EXERCISE DETAILS -
Give only the number of lines in the listing below where the string "length" occurs.
RECORDS SHOWN Block Start
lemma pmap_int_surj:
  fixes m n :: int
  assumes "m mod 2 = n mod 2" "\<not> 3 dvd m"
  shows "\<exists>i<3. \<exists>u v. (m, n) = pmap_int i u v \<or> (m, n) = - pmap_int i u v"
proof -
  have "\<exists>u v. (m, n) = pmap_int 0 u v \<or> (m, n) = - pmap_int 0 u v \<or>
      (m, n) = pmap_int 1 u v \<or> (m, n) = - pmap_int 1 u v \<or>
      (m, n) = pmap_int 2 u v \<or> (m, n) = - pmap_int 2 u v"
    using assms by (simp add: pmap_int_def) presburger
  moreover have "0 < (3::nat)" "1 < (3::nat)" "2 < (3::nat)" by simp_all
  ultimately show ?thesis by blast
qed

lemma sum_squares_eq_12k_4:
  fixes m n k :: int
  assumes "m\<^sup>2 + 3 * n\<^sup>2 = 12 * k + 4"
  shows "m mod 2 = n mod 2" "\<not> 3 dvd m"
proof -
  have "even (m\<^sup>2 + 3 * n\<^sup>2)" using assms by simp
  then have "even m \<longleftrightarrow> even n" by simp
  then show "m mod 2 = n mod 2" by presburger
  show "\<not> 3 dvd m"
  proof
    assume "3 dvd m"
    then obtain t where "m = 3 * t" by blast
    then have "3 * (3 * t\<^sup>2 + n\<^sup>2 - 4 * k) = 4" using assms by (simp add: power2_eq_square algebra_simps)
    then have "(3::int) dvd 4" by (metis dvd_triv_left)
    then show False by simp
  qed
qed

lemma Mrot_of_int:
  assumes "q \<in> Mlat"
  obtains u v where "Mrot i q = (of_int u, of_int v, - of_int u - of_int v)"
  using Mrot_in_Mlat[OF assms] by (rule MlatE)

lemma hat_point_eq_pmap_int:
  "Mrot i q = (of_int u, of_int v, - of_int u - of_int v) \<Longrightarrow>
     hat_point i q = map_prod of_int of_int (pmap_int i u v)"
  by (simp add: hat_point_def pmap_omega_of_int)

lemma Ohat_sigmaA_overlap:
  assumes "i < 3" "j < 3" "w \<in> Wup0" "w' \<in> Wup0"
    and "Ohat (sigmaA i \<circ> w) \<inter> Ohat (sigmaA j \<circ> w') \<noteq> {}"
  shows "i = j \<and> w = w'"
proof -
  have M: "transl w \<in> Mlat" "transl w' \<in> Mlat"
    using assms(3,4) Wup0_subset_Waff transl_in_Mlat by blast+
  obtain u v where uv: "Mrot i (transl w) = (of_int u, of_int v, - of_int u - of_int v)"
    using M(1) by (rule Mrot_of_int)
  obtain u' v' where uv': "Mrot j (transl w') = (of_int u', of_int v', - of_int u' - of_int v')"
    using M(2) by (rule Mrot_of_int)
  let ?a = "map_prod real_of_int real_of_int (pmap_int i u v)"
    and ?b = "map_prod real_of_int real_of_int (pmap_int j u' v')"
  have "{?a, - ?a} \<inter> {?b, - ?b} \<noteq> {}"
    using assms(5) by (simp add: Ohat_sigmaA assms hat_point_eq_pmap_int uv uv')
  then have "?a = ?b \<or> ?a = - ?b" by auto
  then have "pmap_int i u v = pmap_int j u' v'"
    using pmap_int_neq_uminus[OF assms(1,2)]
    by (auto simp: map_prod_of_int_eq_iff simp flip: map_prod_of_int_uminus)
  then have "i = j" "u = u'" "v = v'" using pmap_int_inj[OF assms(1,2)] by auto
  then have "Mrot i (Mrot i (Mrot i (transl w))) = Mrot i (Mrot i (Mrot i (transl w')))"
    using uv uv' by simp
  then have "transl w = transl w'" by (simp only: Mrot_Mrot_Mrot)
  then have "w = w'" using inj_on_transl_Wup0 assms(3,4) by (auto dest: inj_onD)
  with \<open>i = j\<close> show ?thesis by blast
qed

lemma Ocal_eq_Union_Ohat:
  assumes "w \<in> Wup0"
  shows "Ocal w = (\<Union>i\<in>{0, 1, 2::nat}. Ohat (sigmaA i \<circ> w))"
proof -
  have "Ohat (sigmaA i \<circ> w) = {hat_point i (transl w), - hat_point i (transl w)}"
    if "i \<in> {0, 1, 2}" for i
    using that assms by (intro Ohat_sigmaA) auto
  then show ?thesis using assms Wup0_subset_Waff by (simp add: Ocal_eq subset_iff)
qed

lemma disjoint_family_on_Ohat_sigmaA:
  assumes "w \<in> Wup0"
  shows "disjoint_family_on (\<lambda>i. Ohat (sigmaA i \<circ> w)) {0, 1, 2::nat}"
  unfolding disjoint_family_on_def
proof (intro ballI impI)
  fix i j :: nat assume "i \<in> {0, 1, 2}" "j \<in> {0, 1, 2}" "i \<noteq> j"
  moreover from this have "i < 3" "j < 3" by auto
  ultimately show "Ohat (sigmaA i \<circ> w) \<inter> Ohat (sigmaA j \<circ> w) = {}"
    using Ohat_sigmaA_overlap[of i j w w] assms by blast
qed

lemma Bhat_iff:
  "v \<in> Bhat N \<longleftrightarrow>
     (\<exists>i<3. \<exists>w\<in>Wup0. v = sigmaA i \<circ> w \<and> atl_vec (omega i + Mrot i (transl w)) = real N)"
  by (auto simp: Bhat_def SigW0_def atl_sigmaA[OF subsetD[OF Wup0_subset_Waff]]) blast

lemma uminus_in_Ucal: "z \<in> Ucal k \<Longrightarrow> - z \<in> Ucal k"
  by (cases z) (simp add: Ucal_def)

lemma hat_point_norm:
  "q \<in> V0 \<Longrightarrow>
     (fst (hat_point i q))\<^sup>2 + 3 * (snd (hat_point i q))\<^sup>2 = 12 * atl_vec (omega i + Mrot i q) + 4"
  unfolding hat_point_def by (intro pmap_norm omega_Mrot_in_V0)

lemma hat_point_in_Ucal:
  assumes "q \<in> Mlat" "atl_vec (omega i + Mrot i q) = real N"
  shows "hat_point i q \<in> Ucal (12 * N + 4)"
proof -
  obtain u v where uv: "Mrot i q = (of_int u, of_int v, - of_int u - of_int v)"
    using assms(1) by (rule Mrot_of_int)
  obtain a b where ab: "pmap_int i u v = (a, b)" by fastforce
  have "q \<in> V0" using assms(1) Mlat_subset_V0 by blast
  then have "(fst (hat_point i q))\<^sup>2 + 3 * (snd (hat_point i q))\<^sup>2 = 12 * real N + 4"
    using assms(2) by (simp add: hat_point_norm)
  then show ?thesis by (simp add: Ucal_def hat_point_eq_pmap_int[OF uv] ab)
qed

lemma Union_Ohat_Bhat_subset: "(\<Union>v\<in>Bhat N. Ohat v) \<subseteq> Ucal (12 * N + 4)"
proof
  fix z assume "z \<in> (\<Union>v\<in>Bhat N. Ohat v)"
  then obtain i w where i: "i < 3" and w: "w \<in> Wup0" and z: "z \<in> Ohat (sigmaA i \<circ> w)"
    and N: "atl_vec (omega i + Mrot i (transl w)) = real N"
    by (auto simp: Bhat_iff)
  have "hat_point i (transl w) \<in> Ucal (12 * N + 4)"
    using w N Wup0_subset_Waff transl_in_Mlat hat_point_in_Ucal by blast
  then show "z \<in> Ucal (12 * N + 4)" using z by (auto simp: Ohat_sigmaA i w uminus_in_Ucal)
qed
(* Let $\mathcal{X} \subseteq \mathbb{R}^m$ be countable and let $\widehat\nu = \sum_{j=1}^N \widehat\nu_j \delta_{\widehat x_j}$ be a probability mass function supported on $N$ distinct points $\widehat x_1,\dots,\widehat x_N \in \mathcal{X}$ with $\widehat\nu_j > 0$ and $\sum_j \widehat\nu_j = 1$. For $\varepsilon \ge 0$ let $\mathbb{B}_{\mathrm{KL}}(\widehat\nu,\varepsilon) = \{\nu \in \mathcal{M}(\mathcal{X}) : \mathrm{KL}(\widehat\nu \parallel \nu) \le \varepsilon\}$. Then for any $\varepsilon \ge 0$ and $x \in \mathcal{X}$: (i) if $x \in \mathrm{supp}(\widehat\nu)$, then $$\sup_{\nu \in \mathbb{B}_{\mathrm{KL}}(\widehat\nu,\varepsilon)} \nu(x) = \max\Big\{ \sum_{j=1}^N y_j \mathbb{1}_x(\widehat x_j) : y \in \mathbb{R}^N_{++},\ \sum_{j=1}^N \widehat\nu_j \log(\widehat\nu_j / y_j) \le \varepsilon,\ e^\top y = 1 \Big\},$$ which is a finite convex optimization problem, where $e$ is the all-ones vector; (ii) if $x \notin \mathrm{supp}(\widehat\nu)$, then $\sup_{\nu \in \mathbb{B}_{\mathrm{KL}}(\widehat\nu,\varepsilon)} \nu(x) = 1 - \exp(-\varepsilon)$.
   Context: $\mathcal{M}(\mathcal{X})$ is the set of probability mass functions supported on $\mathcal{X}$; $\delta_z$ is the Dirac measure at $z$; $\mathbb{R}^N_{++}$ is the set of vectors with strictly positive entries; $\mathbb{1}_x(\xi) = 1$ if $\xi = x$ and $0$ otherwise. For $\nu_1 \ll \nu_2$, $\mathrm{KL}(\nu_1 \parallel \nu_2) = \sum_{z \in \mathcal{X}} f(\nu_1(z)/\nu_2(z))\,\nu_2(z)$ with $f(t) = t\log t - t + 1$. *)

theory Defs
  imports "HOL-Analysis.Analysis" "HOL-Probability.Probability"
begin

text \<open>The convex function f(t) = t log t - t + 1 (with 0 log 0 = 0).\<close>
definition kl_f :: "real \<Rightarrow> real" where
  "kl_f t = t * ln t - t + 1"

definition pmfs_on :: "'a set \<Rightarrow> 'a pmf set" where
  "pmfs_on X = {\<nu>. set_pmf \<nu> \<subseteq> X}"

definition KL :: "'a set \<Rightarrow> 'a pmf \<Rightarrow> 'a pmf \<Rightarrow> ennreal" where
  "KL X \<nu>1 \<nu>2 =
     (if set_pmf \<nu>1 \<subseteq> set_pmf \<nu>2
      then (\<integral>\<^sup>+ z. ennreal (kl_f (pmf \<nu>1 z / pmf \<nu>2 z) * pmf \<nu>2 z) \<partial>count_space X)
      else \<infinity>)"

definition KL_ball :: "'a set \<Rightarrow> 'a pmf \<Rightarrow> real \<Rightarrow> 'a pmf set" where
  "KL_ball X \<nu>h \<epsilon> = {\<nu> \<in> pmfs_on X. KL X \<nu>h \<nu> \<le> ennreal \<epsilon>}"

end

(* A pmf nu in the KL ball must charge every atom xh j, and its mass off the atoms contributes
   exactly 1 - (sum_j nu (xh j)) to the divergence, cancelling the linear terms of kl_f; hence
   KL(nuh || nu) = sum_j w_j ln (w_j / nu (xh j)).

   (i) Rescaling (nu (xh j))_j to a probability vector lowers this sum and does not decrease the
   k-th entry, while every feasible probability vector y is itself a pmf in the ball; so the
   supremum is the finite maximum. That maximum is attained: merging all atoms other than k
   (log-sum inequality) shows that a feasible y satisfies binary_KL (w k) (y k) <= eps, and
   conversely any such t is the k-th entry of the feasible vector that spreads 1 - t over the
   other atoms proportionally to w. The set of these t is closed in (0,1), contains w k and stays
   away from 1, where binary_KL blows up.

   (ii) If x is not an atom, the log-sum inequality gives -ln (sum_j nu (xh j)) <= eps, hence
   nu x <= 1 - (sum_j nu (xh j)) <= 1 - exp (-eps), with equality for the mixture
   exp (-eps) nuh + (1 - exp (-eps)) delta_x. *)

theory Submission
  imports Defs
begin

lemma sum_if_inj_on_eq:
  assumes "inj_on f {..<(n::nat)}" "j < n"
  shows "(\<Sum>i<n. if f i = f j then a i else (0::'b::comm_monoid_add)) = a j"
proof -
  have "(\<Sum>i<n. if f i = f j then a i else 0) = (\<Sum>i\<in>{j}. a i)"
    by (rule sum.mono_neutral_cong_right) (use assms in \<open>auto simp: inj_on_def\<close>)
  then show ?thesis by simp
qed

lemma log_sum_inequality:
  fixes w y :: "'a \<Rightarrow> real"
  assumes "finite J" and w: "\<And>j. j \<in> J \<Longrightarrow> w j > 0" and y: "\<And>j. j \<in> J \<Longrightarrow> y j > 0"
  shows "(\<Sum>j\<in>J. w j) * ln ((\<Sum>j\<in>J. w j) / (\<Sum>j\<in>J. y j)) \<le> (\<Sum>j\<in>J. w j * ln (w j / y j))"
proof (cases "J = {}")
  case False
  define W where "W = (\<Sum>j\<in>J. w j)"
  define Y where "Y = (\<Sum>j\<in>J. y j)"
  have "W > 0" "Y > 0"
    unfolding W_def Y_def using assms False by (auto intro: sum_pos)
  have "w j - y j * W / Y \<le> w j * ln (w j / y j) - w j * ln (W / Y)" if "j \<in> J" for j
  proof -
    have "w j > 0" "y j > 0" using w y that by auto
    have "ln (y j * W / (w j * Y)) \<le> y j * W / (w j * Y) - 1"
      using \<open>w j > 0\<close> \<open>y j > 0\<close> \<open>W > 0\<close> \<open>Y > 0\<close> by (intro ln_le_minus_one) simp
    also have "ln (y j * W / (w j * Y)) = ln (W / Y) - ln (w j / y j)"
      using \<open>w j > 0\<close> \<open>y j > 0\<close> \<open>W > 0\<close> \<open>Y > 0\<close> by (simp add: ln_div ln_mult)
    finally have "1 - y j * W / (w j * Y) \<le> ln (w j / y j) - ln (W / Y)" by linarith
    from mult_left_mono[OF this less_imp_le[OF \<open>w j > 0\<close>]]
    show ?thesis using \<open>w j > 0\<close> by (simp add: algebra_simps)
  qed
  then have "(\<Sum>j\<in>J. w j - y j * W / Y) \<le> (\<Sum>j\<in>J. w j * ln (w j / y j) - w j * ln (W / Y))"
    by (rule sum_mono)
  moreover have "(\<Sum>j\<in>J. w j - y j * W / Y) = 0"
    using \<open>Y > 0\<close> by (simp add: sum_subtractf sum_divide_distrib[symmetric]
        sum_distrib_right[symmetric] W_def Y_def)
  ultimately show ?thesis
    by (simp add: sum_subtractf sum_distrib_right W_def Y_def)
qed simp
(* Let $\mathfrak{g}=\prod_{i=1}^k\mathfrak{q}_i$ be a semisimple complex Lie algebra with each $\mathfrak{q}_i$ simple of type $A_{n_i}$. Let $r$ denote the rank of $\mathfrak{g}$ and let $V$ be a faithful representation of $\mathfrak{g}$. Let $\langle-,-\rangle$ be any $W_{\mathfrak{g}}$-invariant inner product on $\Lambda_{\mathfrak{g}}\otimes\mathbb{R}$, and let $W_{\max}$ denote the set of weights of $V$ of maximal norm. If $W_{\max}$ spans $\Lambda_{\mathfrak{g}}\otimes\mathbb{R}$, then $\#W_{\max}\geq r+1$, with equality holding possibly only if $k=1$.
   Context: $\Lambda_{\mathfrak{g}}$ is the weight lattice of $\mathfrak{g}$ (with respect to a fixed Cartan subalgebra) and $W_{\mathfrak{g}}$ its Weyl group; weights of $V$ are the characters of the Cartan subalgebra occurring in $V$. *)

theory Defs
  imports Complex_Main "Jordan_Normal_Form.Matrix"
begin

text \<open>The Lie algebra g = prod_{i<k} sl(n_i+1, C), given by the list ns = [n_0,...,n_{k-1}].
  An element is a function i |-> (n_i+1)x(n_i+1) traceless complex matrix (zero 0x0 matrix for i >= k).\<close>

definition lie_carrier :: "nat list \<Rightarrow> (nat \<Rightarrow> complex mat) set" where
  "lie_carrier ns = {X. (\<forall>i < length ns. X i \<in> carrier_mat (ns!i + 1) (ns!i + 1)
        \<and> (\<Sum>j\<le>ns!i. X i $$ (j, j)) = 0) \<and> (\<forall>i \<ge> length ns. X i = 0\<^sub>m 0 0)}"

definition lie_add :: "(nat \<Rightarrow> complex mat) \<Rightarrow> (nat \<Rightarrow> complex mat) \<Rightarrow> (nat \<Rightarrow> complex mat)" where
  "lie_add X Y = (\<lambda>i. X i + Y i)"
RECORDS SHOWN Block End
REPLY TO THE EXERCISE -
2